The front-month ICE Brent contract has inched down $0.05/bbl on the day, to trade at $92.55/bbl at 09.00 GMT.

PHOTO: Getty Images


Upward pressure:

Saudi Arabia and Russia’s decision to extend supply cuts through the end of 2023 have helped Brent futures to gain this week.

“As long as OPEC+ is committed to export and production curtailments, oil prices will remain firm during the current levels of record demand,” said SPI Asset Management’s managing partner Stephen Innes.

Recent surge in oil prices also suggests that "the latest efforts of Saudi Arabia and Russia are working in tightening the markets and boosting prices after multiple failed efforts,” said OANDA’s market analyst Craig Erlam.

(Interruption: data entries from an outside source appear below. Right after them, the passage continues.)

definition semidirect :: "domain \<Rightarrow> ((nat \<times> real) \<Rightarrow> (nat \<times> real)) set \<Rightarrow> (nat \<times> real) set
     \<Rightarrow> (((nat \<times> real) \<Rightarrow> 'a::ab_group_add) \<times> ((nat \<times> real) \<Rightarrow> (nat \<times> real))) monoid" where
  "semidirect D G J = \<lparr>carrier = F_J D G J \<times> G,
      mult = (\<lambda>(f, g) (f', g'). ((\<lambda>p. f p + act g f' p), g \<circ> g')),
      one = ((\<lambda>_. 0), id)\<rparr>"

end

theory Submission
  imports Defs
begin

text \<open>
  Encode \<open>(f, g)\<close> by the skew product \<open>(q, c) \<mapsto> (g q, c + f (g q))\<close> on \<open>\<D> \<times> A\<close>; composing
  skew products is exactly the multiplication of \<open>\<F>\<^sub>J \<rtimes> G\<close>, and the pair is recovered from
  the images of the points \<open>(q, 0)\<close>. Laying the \<open>|A|\<close> coloured copies of every component of
  \<open>\<D>\<close> end to end in \<open>[0, 1)\<close> turns the skew product into a bijection of \<open>[0, 1)\<close>. It is
  an interval exchange because \<open>g\<close> is a piecewise translation and \<open>f\<close> is a step function:
  the step functions vanishing off \<open>\<D>\<close> form a \<open>G\<close>-invariant subgroup containing every
  \<open>a \<one>\<^sub>J\<close>, hence containing \<open>\<F>\<^sub>J\<close>. Composing with \<open>g\<^sup>-\<^sup>1\<close> requires \<open>IET(\<D>)\<close> to be closed
  under inverses, which is proved by showing that the inverse is locally a translation.
\<close>

definition cell :: "domain \<Rightarrow> nat \<Rightarrow> real \<Rightarrow> real \<Rightarrow> bool" where
  "cell D i a b \<longleftrightarrow> i < ncomp D \<and> 0 \<le> a \<and> a < b \<and> b \<le> len D i"

definition avoids :: "(nat \<times> real) set \<Rightarrow> nat \<Rightarrow> real \<Rightarrow> real \<Rightarrow> bool" where
  "avoids B i a b \<longleftrightarrow> (\<forall>y. a < y \<and> y < b \<longrightarrow> (i, y) \<notin> B)"

definition translation_cuts :: "domain \<Rightarrow> ((nat \<times> real) \<Rightarrow> (nat \<times> real)) \<Rightarrow> (nat \<times> real) set \<Rightarrow> bool" where
  "translation_cuts D g B \<longleftrightarrow> finite B \<and> (\<forall>i a b. cell D i a b \<and> avoids B i a b \<longrightarrow>
     (\<exists>j t. j < ncomp D \<and> (\<forall>y. a \<le> y \<and> y < b \<longrightarrow> g (i, y) = (j, y + t))))"

definition step_cuts :: "domain \<Rightarrow> ((nat \<times> real) \<Rightarrow> 'a) \<Rightarrow> (nat \<times> real) set \<Rightarrow> bool" where
  "step_cuts D f B \<longleftrightarrow> finite B \<and> (\<forall>i a b. cell D i a b \<and> avoids B i a b \<longrightarrow>
     (\<forall>y. a \<le> y \<and> y < b \<longrightarrow> f (i, y) = f (i, a)))"

definition step_function :: "domain \<Rightarrow> ((nat \<times> real) \<Rightarrow> 'a) \<Rightarrow> bool" where
  "step_function D f \<longleftrightarrow> (\<exists>B. step_cuts D f B)"

lemma cell_pts: "cell D i a b \<Longrightarrow> a \<le> y \<Longrightarrow> y < b \<Longrightarrow> (i, y) \<in> pts D"
  unfolding cell_def pts_def by simp

lemma avoids_mono: "avoids B i a b \<Longrightarrow> B' \<subseteq> B \<Longrightarrow> avoids B' i a b"
  unfolding avoids_def by blast

lemma translation_cutsD:
  assumes "translation_cuts D g B" "cell D i a b" "avoids B i a b"
  obtains j t where "j < ncomp D" "\<And>y. a \<le> y \<Longrightarrow> y < b \<Longrightarrow> g (i, y) = (j, y + t)"
  using assms unfolding translation_cuts_def by fastforce

lemma step_cutsD:
  assumes "step_cuts D f B" "cell D i a b" "avoids B i a b" "a \<le> y" "y < b"
  shows "f (i, y) = f (i, a)"
  using assms unfolding step_cuts_def by blast

section \<open>Interval exchanges are piecewise translations\<close>

lemma wrap_eq_self:
  assumes "0 \<le> z" "z < len D j"
  shows "wrap D j z = z"
proof -
  have "0 \<le> z / len D j" "z / len D j < 1" using assms by auto
  then have "\<lfloor>z / len D j\<rfloor> = 0" by (simp add: floor_eq_iff)
  then show ?thesis by (simp add: wrap_def)
qed

lemma floor_eq_if_no_int_between:
  fixes u v :: real
  assumes "u \<le> v" and no_int: "\<And>z. z \<in> \<int> \<Longrightarrow> u < z \<Longrightarrow> z \<le> v \<Longrightarrow> False"
  shows "\<lfloor>v\<rfloor> = \<lfloor>u\<rfloor>"
proof (rule ccontr)
  assume "\<lfloor>v\<rfloor> \<noteq> \<lfloor>u\<rfloor>"
  then have "\<lfloor>u\<rfloor> < \<lfloor>v\<rfloor>" using floor_mono[OF \<open>u \<le> v\<close>] by linarith
  then have "u < of_int \<lfloor>v\<rfloor>" by linarith
  then show False using no_int[of "of_int \<lfloor>v\<rfloor>"] by simp
qed
lemma range_kernel_decomp:
  fixes B :: "real^'n^'m"
  obtains u z where "u \<in> span (range ((*v) B))" and "transpose B *v z = 0" and "v = u + z"
proof -
  obtain u z where u: "u \<in> span (range ((*v) B))"
    and z: "\<And>w. w \<in> span (range ((*v) B)) \<Longrightarrow> orthogonal z w" and "v = u + z"
    using orthogonal_subspace_decomp_exists[of "range ((*v) B)" v] by blast
  have "z \<bullet> (B *v x) = 0" for x
    using z[of "B *v x"] by (auto simp: orthogonal_def intro: span_base)
  then have "transpose B *v z = 0"
    using inner_transpose_mult_vec[of B z "transpose B *v z"] by simp
  then show ?thesis using that u \<open>v = u + z\<close> by blast
qed

section \<open>The dual function along the iteration\<close>

locale block_kaczmarz =
  fixes A :: "real^'n^'m" and b :: "real^'m" and f :: "real^'n \<Rightarrow> real"
    and blk :: "'m \<Rightarrow> nat" and M :: nat and \<alpha> :: real and xhat :: "real^'n"
  assumes rows_nonzero: "\<forall>r. A $ r \<noteq> 0"
    and f_sc: "strongly_convex1 f"
    and blk_range: "\<forall>r. blk r < M"
    and blk_nonempty: "\<forall>i<M. \<exists>r. blk r = i"
    and xhat_feas: "A *v xhat = b"
    and xhat_min: "\<forall>x. A *v x = b \<longrightarrow> f xhat \<le> f x"
    and dual_sol: "Ystar A b f \<noteq> {}"
begin

abbreviation L :: "nat \<Rightarrow> real" where "L i \<equiv> Lblk A blk i"
abbreviation \<Psi> :: "real^'m \<Rightarrow> real" where "\<Psi> y \<equiv> Psi A b f y"
(* Let $G$ be a finite graph whose edges are totally ordered and labelled $e_1<e_2<\dots<e_m$. Suppose that for some $i$ and some $k>0$ the edges $e_i,e_{i+1},\dots,e_{i+k}$ are all positive and form a path $P_{k+1}$ in $G$, traversed in this order (so consecutive edges $e_{i+r},e_{i+r+1}$ share an interior vertex of the path), and that every interior vertex of this path has degree exactly two in $G$. Let $S$ be any spanning tree of $G$. Then the subword of the activity word $a(S)$ formed by the letters at positions $i,\dots,i+k$ (i.e. $a(e_i,S)a(e_{i+1},S)\cdots a(e_{i+k},S)$) is one of the following: (1) when $S$ contains all edges of $P_{k+1}$: $L L\cdots L$ or $D D\cdots D$ (all $k+1$ letters equal); (2) when $S$ omits exactly the edge $e_{i+j}$ of $P_{k+1}$ for some $0<j\le k$: $L^{j}\,d\,D^{k-j}$, i.e. $e_i,\dots,e_{i+j-1}$ are labelled $L$, $e_{i+j}$ is labelled $d$, and $e_{i+j+1},\dots,e_{i+k}$ are labelled $D$; (3) when $S$ omits exactly the first edge $e_i$: $\ell\, D^{k}$ or $d\,D^{k}$.
   Context: Tutte's activity: let $G$ be a graph with signed edges (each edge positive or negative) whose $m$ edges are totally ordered. For a spanning tree $S$ of $G$ and an edge $e$: if $e\in S$ and $e$ is positive, $e$ is internally active, letter $L$, if $e$ is the lowest-ordered edge of $G$ that reconnects the two components of $S-\{e\}$, and internally inactive, letter $D$, otherwise. If $e\notin S$ and $e$ is positive, $e$ is externally active, letter $\ell$, if $e$ is the lowest-ordered edge of the unique cycle contained in $S\cup\{e\}$, and externally inactive, letter $d$, otherwise. For negative edges the same rules give the barred letters $\overline{L},\overline{D},\overline{\ell},\overline{d}$. The letter of $e$ is denoted $a(e,S)$, and the activity word $a(S)$ is the word of length $m$ whose $r$-th letter is $a(e_r,S)$. *)

theory Defs
  imports Main
begin

text \<open>A finite (multi)graph with vertex set V and edges labelled 1..m in their total order
  e_1 < ... < e_m; edge r has endpoints ends r (unordered: the pair order is irrelevant),
  loops allowed. pos r says whether edge r is positive.\<close>

definition graph :: "'v set \<Rightarrow> nat \<Rightarrow> (nat \<Rightarrow> 'v \<times> 'v) \<Rightarrow> bool" where
  "graph V m ends \<longleftrightarrow> finite V \<and> (\<forall>r\<in>{1..m}. fst (ends r) \<in> V \<and> snd (ends r) \<in> V)"
lemma pst_pair_alg:
  "pst (pair_alg R) k (U, interior R U) = ((interior R ^^ k) U, (interior R ^^ Suc k) U)"
proof (induction k arbitrary: U)
  case 0
  then show ?case by (simp add: pst_def)
next
  case (Suc k)
  have "pst (pair_alg R) (Suc k) (U, interior R U)
      = pst (pair_alg R) k (st (pair_alg R) (pr (pair_alg R) (U, interior R U)))"
    by (simp only: pst_def funpow_Suc_right comp_apply)
  also have "\<dots> = pst (pair_alg R) k (interior R U, interior R (interior R U))"
    by simp
  also have "\<dots> = ((interior R ^^ Suc k) U, (interior R ^^ Suc (Suc k)) U)"
    using Suc by (simp only: funpow_Suc_right comp_apply)
  finally show ?case .
qed

lemma is_K2_pair_alg:
  assumes refl: "reflp R" and sym: "symp R"
    and range2: "\<And>T. interior R (interior R (interior R T)) = interior R (interior R T)"
  shows "is_K2 (pair_alg R)"
  unfolding is_K2_def
proof (intro conjI is_pmda_pair_alg[OF refl sym] ballI)
  fix x y assume x: "x \<in> carrier (pair_alg R)" and y: "y \<in> carrier (pair_alg R)"
  show "leq (pair_alg R) (mt (pair_alg R) x (pr (pair_alg R) (st (pair_alg R) (pr (pair_alg R) x))))
          (jn (pair_alg R) y (st (pair_alg R) y))"
    by (auto simp: leq_pair_alg)
  show "leq (pair_alg R) (mt (pair_alg R) x (pr (pair_alg R) x)) (jn (pair_alg R) y (pr (pair_alg R) y))"
    using x y interior_subset[OF refl] by (fastforce simp: leq_pair_alg)
next
  fix x assume "x \<in> carrier (pair_alg R)"
  then have "snd x \<subseteq> fst x"
    using interior_subset[OF refl] by auto
  then have z: "mt (pair_alg R) x (st (pair_alg R) (pr (pair_alg R) x)) = (snd x, interior R (snd x))"
    using interior_subset[OF refl, of "snd x"] by auto
  show "pst (pair_alg R) 2 (mt (pair_alg R) x (st (pair_alg R) (pr (pair_alg R) x)))
      = pst (pair_alg R) 3 (mt (pair_alg R) x (st (pair_alg R) (pr (pair_alg R) x)))"
    unfolding z pst_pair_alg by (simp add: numeral_eq_Suc range2)
qed

section \<open>Copies of one-generated subalgebras on \<nat>\<close>

definition subuniverse :: "('a, 'b) pmda_scheme \<Rightarrow> 'a set \<Rightarrow> bool" where
  "subuniverse P S \<longleftrightarrow> S \<subseteq> carrier P \<and> bot P \<in> S \<and> top P \<in> S \<and>
     (\<forall>x\<in>S. \<forall>y\<in>S. mt P x y \<in> S \<and> jn P x y \<in> S) \<and>
     (\<forall>x\<in>S. st P x \<in> S \<and> pr P x \<in> S)"

lemma subuniverse_carrier: "is_pmda P \<Longrightarrow> subuniverse P (carrier P)"
  unfolding is_pmda_def Let_def subuniverse_def by blast

lemma subuniverse_range_eval:
  assumes "subuniverse P S" "a \<in> S"
  shows "subuniverse P (range (eval P a))"
proof -
  have "eval P a t \<in> S" for t
    using assms by (induction t) (auto simp: subuniverse_def)
  moreover have "bot P \<in> range (eval P a)" "top P \<in> range (eval P a)"
    "mt P (eval P a s) (eval P a t) \<in> range (eval P a)"
    "jn P (eval P a s) (eval P a t) \<in> range (eval P a)"
    "st P (eval P a s) \<in> range (eval P a)" "pr P (eval P a s) \<in> range (eval P a)" for s t
    using rangeI[of "eval P a" Zero] rangeI[of "eval P a" One] rangeI[of "eval P a" "Meet s t"]
      rangeI[of "eval P a" "Join s t"] rangeI[of "eval P a" "Star s"] rangeI[of "eval P a" "Prime s"]
    by simp_all
  ultimately show ?thesis
    using assms(1) unfolding subuniverse_def by blast
qed

definition transport :: "('a, 'b) pmda_scheme \<Rightarrow> 'a set \<Rightarrow> ('a \<Rightarrow> nat) \<Rightarrow> nat pmda" where
  "transport P S h = \<lparr>carrier = h ` S,
     mt = (\<lambda>m n. h (mt P (inv_into S h m) (inv_into S h n))),
     jn = (\<lambda>m n. h (jn P (inv_into S h m) (inv_into S h n))),
     st = (\<lambda>m. h (st P (inv_into S h m))),
     pr = (\<lambda>m. h (pr P (inv_into S h m))),
     bot = h (bot P), top = h (top P)\<rparr>"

Additionally, the International Energy Agency (IEA) has forecast global oil demand to grow by 2.20 million b/d to 101.8 million b/d in 2023 due to strong consumption in China, and higher jet fuel demand.

Downward pressure:

Downward pressures acting on Brent futures today include news that Libya has resumed oil supply from its four major ports, which were closed since Saturday after being hit by floods due to Hurricane Danielle.

The four ports situated in Eastern Libya resumed operations on Wednesday, Reuters reported, citing port agent Al Omran International Maritime Agencies.

Moreover, US core inflation rose 8 basis-points above the market consensus in August, Innes said. A higher-than-expected inflation reading has triggered concerns about yet another interest rate hike by the US Federal Reserve (Fed).

“The CPI (Consumer Price Index) report adds some uncertainty about its [Fed's] November decision, especially with OPEC+ leaders possibly targeting Brent prices very much at the upper end of or slightly above, the $80-100/bbl range,” Innes said.